### Materials provided ###

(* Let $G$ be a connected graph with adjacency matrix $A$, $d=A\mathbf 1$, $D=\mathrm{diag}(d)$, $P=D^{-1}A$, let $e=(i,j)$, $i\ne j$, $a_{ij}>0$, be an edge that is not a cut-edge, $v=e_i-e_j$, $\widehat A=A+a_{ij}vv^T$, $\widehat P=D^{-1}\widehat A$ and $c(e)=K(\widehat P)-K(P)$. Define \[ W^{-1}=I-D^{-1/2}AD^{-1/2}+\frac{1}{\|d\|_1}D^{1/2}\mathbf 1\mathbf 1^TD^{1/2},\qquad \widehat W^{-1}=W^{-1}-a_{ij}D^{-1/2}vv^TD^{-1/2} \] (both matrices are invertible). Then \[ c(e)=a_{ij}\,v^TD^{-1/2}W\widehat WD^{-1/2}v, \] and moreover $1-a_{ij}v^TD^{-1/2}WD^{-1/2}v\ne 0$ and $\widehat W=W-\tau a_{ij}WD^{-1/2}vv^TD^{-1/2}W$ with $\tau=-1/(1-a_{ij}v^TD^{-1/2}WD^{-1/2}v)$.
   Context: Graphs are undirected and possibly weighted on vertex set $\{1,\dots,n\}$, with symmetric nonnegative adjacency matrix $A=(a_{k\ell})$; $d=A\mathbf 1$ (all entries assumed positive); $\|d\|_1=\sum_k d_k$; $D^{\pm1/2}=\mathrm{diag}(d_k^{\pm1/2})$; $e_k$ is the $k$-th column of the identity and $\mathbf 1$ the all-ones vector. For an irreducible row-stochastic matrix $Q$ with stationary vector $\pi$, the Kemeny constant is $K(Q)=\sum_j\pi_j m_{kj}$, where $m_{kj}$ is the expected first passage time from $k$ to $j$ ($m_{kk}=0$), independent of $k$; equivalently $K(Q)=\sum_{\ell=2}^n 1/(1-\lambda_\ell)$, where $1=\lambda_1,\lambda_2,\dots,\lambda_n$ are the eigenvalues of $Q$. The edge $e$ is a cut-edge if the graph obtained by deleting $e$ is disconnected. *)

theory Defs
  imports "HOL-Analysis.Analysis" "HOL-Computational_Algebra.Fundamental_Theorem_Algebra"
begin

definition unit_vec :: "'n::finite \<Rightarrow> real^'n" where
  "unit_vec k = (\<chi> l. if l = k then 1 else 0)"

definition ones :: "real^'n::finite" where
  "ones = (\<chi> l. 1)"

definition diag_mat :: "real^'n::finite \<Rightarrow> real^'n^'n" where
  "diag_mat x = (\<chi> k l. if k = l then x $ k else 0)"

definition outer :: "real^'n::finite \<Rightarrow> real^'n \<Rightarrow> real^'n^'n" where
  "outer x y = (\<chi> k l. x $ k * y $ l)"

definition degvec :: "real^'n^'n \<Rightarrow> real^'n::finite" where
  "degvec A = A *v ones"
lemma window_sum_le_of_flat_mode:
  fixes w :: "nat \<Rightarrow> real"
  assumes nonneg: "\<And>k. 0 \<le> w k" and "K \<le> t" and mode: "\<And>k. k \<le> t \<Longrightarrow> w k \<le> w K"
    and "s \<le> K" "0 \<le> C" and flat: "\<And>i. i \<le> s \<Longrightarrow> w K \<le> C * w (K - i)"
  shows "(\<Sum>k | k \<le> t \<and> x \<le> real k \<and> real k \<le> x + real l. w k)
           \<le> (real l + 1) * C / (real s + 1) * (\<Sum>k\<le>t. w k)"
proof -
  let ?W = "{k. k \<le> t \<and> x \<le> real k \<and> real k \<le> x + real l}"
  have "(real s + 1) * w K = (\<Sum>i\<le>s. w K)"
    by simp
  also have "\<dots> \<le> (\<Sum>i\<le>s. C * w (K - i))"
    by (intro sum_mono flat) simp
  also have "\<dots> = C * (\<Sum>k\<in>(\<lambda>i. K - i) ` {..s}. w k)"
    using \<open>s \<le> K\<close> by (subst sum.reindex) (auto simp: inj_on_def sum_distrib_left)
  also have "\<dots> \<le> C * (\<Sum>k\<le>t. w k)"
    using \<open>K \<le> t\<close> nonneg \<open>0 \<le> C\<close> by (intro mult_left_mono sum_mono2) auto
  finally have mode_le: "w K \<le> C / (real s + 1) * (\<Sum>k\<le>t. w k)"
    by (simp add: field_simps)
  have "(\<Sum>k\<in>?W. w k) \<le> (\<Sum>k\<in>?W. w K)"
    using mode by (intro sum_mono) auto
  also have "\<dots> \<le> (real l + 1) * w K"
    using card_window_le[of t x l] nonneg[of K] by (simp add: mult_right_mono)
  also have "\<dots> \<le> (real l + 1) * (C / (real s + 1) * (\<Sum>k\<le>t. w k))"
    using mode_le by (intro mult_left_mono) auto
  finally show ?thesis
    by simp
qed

###
### Materials provided ###

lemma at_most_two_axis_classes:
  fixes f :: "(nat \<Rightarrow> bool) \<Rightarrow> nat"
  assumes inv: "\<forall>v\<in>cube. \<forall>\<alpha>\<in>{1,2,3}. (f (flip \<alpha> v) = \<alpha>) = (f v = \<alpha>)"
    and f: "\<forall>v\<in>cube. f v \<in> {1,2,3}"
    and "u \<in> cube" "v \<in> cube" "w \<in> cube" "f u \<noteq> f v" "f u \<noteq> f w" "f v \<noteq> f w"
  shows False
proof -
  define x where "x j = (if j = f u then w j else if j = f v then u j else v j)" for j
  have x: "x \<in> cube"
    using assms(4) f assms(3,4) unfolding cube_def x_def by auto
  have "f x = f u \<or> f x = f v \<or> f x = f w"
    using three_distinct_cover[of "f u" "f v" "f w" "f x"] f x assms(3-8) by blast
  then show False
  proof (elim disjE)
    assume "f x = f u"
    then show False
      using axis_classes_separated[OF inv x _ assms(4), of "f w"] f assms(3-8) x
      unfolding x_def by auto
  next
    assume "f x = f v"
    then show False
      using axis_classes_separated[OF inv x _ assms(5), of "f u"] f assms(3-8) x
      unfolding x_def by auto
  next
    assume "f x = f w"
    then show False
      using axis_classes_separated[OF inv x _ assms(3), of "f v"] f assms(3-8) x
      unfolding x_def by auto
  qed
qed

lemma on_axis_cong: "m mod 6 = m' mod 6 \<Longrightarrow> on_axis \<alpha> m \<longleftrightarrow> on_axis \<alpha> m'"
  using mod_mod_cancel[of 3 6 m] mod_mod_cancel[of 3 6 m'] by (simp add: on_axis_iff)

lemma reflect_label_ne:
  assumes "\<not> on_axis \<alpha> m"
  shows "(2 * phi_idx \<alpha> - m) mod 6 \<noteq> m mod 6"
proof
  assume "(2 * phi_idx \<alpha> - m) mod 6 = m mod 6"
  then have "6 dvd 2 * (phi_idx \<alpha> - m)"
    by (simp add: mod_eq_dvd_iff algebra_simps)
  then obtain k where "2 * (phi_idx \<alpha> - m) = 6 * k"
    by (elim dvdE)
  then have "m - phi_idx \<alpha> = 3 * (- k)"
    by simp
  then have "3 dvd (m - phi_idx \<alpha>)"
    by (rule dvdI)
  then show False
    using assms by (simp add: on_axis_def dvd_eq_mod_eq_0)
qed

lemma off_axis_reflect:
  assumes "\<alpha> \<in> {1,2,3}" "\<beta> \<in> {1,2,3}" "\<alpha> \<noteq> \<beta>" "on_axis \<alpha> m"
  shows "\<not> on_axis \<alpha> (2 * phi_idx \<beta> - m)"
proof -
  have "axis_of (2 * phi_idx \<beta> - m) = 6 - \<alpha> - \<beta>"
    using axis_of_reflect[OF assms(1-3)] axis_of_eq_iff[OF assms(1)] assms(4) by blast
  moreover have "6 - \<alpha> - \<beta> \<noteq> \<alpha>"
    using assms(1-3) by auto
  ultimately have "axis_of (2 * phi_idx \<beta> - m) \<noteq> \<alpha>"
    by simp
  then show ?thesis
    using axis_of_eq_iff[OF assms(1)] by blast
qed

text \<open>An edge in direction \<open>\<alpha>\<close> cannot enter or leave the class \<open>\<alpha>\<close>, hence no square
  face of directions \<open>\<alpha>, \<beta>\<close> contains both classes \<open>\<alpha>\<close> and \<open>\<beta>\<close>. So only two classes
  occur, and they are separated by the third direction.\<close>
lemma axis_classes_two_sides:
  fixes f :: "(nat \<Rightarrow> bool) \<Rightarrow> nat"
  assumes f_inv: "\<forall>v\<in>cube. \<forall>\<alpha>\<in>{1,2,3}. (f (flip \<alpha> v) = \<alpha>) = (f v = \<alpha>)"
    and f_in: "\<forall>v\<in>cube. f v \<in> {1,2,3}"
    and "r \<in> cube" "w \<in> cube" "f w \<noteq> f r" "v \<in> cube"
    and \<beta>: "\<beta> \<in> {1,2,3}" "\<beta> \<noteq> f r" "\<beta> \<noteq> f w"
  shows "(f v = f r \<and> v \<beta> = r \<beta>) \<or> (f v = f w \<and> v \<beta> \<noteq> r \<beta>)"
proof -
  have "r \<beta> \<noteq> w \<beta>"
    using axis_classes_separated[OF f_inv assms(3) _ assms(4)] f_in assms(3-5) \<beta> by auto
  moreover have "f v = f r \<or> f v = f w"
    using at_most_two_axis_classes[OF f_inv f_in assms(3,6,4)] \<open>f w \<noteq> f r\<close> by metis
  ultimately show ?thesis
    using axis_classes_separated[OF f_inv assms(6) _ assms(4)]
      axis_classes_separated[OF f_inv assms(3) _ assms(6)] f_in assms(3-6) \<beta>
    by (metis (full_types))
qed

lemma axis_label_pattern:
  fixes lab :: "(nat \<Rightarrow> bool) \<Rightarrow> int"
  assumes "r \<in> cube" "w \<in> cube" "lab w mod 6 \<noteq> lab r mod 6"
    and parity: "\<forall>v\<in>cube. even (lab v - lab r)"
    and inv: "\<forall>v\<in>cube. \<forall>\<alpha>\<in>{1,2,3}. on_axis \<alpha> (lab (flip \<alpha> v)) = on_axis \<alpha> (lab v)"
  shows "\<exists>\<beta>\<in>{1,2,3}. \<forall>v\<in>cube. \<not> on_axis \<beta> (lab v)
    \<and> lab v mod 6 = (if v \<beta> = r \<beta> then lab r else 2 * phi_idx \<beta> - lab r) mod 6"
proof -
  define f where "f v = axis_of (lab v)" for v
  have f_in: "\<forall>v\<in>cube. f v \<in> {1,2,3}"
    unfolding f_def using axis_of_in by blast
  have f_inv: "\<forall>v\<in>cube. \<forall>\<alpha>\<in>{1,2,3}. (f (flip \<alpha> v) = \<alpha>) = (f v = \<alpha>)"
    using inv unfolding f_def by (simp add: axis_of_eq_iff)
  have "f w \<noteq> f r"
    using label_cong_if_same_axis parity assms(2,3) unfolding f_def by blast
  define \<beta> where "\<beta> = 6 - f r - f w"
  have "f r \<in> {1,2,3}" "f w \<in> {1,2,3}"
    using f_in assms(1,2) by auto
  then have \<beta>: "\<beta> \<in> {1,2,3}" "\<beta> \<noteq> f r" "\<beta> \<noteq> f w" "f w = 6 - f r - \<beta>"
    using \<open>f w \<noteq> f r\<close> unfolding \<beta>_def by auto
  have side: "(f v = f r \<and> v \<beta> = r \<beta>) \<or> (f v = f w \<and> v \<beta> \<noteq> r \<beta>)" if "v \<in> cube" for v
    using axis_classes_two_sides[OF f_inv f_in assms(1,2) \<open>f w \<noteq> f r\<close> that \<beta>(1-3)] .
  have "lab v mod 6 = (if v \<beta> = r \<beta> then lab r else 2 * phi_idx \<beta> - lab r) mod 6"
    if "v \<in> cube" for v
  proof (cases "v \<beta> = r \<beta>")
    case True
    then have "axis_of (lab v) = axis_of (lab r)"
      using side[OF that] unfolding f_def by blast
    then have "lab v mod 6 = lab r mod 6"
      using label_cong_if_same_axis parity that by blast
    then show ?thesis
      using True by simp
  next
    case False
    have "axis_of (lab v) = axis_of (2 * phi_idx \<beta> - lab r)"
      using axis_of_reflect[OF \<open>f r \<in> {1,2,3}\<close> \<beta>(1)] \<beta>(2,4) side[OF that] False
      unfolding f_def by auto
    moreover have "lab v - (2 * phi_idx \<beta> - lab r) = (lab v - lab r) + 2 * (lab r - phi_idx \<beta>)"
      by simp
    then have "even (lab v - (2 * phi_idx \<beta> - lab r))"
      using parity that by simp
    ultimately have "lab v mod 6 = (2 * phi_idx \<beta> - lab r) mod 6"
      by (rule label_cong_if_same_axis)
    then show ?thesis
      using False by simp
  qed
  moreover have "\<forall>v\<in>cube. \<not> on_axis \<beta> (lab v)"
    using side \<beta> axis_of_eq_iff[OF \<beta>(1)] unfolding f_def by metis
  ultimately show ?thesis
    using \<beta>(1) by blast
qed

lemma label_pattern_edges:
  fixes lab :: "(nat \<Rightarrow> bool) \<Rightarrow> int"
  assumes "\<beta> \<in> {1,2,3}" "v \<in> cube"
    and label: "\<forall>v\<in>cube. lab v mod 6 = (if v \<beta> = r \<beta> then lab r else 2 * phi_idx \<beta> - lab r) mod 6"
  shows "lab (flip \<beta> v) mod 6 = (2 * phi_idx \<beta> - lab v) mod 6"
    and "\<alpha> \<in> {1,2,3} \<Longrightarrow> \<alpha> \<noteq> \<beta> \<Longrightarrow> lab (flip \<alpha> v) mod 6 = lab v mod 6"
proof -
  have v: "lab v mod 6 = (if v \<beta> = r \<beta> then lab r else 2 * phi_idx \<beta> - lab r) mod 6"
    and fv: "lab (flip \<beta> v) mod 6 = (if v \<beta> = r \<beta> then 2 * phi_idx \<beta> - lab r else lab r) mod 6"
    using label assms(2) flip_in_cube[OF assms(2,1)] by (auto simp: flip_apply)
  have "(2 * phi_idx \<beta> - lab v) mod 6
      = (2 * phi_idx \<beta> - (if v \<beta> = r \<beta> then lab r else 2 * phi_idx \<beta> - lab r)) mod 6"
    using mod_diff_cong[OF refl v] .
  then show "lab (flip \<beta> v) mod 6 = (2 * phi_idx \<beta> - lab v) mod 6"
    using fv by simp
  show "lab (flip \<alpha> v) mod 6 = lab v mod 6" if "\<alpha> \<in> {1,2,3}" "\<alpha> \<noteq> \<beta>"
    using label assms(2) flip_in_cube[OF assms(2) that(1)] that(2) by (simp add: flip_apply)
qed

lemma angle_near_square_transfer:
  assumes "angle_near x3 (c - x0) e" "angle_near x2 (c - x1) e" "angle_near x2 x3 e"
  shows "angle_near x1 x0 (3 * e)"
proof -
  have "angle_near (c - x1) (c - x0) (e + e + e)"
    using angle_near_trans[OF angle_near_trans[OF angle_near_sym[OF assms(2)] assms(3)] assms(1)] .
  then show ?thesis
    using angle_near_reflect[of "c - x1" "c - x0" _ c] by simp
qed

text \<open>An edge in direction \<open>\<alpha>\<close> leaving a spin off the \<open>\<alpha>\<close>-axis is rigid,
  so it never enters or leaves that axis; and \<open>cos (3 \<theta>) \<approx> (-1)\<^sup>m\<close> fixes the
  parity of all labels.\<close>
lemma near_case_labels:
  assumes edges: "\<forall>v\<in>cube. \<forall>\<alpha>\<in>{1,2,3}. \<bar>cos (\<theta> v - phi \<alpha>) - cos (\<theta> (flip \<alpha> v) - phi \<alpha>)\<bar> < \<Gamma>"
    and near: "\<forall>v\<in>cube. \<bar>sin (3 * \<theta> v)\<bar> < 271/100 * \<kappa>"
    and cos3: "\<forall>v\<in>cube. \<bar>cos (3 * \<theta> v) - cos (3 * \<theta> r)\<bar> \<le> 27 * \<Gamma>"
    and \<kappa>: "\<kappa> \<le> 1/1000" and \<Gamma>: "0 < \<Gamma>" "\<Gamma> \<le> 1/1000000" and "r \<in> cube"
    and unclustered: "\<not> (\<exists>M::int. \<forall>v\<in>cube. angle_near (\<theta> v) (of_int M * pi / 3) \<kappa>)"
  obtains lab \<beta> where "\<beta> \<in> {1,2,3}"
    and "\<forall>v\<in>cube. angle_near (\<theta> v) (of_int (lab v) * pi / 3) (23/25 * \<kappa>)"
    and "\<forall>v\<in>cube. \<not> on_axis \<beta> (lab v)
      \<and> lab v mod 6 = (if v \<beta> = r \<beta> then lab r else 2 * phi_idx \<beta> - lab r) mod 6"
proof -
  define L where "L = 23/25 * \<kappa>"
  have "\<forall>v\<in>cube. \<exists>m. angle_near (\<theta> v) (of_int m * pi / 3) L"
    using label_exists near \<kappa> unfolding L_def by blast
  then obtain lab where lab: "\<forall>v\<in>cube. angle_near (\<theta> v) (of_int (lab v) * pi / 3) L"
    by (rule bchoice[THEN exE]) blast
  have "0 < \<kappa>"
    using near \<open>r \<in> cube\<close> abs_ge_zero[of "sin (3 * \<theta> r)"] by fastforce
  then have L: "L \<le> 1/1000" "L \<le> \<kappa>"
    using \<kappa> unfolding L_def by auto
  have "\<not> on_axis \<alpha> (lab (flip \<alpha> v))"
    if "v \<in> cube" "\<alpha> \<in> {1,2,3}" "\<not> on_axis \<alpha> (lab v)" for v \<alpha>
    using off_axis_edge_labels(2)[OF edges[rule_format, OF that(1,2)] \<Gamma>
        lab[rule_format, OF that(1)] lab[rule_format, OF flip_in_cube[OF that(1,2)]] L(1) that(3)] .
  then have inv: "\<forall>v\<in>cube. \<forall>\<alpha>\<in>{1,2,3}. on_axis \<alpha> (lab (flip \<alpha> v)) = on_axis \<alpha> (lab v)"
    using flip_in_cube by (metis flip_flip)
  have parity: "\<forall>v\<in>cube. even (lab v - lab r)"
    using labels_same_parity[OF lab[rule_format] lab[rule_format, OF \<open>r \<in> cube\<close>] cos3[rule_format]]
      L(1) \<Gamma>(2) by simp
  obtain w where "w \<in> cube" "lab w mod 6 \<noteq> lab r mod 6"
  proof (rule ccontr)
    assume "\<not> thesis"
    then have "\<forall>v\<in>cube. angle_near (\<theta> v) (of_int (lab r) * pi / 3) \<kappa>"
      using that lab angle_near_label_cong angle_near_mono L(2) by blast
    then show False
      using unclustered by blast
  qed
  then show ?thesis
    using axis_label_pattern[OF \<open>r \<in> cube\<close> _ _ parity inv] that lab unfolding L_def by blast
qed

###
### Materials provided ###

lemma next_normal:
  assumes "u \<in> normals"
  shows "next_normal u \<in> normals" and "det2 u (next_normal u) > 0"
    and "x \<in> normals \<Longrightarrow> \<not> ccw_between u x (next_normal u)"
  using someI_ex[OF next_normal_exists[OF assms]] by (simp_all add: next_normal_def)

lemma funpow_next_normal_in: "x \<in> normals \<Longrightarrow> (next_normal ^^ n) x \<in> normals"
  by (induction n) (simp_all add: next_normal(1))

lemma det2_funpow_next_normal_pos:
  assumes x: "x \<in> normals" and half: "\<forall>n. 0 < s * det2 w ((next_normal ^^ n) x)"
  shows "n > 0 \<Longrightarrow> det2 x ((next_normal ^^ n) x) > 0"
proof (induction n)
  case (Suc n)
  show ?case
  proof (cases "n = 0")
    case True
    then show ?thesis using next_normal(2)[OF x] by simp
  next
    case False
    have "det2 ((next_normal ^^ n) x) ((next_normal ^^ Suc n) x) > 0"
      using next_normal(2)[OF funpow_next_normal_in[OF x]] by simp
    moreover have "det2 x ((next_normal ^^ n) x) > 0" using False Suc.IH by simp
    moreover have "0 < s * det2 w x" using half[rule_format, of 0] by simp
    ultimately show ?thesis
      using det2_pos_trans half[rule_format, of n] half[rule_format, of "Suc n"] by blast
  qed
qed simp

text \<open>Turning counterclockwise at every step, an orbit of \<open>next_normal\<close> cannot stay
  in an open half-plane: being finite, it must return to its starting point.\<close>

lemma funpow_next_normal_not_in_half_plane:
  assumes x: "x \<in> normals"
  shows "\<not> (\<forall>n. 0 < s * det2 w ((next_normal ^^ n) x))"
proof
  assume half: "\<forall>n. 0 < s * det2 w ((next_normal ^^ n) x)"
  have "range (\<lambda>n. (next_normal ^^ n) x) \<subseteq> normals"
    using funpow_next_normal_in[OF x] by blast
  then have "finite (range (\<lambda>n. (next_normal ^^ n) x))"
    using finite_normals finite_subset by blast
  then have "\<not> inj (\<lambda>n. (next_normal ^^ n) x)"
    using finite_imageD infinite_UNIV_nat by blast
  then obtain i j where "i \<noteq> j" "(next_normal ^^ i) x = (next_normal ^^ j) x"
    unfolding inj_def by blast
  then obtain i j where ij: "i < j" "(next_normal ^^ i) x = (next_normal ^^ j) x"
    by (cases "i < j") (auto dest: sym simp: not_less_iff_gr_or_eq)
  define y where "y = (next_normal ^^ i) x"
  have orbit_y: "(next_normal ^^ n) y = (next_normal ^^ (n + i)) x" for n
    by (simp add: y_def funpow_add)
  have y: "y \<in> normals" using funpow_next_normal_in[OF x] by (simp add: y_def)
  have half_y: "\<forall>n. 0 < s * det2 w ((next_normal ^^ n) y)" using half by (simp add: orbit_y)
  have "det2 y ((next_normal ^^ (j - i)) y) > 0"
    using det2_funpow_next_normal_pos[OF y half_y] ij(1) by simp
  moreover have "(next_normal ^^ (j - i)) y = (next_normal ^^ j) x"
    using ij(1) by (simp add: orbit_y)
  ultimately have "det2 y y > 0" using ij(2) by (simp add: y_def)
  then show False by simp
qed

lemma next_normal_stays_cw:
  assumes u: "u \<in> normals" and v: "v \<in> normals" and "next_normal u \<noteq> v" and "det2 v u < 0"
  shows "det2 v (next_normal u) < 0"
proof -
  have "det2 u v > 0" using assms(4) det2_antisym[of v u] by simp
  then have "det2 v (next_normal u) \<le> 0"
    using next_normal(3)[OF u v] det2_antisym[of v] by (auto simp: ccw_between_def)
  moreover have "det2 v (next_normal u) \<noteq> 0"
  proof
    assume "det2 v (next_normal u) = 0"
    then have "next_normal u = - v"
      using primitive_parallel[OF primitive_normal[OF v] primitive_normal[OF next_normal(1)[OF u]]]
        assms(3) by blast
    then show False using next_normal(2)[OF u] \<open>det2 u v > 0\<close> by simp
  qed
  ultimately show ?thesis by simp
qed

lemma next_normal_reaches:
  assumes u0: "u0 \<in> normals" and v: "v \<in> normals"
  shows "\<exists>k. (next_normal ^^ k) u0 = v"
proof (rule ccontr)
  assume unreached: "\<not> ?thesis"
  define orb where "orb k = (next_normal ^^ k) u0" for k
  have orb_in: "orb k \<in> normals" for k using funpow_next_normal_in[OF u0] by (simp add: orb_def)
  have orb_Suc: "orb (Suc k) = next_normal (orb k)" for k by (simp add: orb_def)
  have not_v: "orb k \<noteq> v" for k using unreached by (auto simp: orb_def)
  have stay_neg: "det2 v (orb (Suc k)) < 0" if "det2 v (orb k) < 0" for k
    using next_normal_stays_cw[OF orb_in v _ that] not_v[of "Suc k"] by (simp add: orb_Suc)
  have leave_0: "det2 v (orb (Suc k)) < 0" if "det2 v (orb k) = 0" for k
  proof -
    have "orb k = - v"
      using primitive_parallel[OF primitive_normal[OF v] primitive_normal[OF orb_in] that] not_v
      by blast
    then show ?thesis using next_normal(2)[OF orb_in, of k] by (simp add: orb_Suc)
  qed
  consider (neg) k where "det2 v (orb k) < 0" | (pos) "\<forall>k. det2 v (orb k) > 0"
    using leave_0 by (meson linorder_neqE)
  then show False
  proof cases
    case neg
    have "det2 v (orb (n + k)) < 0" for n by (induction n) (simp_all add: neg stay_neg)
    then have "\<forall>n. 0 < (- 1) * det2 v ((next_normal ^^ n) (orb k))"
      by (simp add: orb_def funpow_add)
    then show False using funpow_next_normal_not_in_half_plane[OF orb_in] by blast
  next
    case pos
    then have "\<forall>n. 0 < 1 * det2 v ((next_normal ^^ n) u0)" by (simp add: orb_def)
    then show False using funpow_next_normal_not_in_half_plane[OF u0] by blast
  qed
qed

###

> **Task objective**
Find where the line with "in an open half-plane: being" sits in the material above, then copy exactly from it through the line with "using ij(1) by (simp add: orbit_y)". Add no other line.

> **Your solution**
  in an open half-plane: being finite, it must return to its starting point.\<close>

lemma funpow_next_normal_not_in_half_plane:
  assumes x: "x \<in> normals"
  shows "\<not> (\<forall>n. 0 < s * det2 w ((next_normal ^^ n) x))"
proof
  assume half: "\<forall>n. 0 < s * det2 w ((next_normal ^^ n) x)"
  have "range (\<lambda>n. (next_normal ^^ n) x) \<subseteq> normals"
    using funpow_next_normal_in[OF x] by blast
  then have "finite (range (\<lambda>n. (next_normal ^^ n) x))"
    using finite_normals finite_subset by blast
  then have "\<not> inj (\<lambda>n. (next_normal ^^ n) x)"
    using finite_imageD infinite_UNIV_nat by blast
  then obtain i j where "i \<noteq> j" "(next_normal ^^ i) x = (next_normal ^^ j) x"
    unfolding inj_def by blast
  then obtain i j where ij: "i < j" "(next_normal ^^ i) x = (next_normal ^^ j) x"
    by (cases "i < j") (auto dest: sym simp: not_less_iff_gr_or_eq)
  define y where "y = (next_normal ^^ i) x"
  have orbit_y: "(next_normal ^^ n) y = (next_normal ^^ (n + i)) x" for n
    by (simp add: y_def funpow_add)
  have y: "y \<in> normals" using funpow_next_normal_in[OF x] by (simp add: y_def)
  have half_y: "\<forall>n. 0 < s * det2 w ((next_normal ^^ n) y)" using half by (simp add: orbit_y)
  have "det2 y ((next_normal ^^ (j - i)) y) > 0"
    using det2_funpow_next_normal_pos[OF y half_y] ij(1) by simp
  moreover have "(next_normal ^^ (j - i)) y = (next_normal ^^ j) x"
    using ij(1) by (simp add: orbit_y)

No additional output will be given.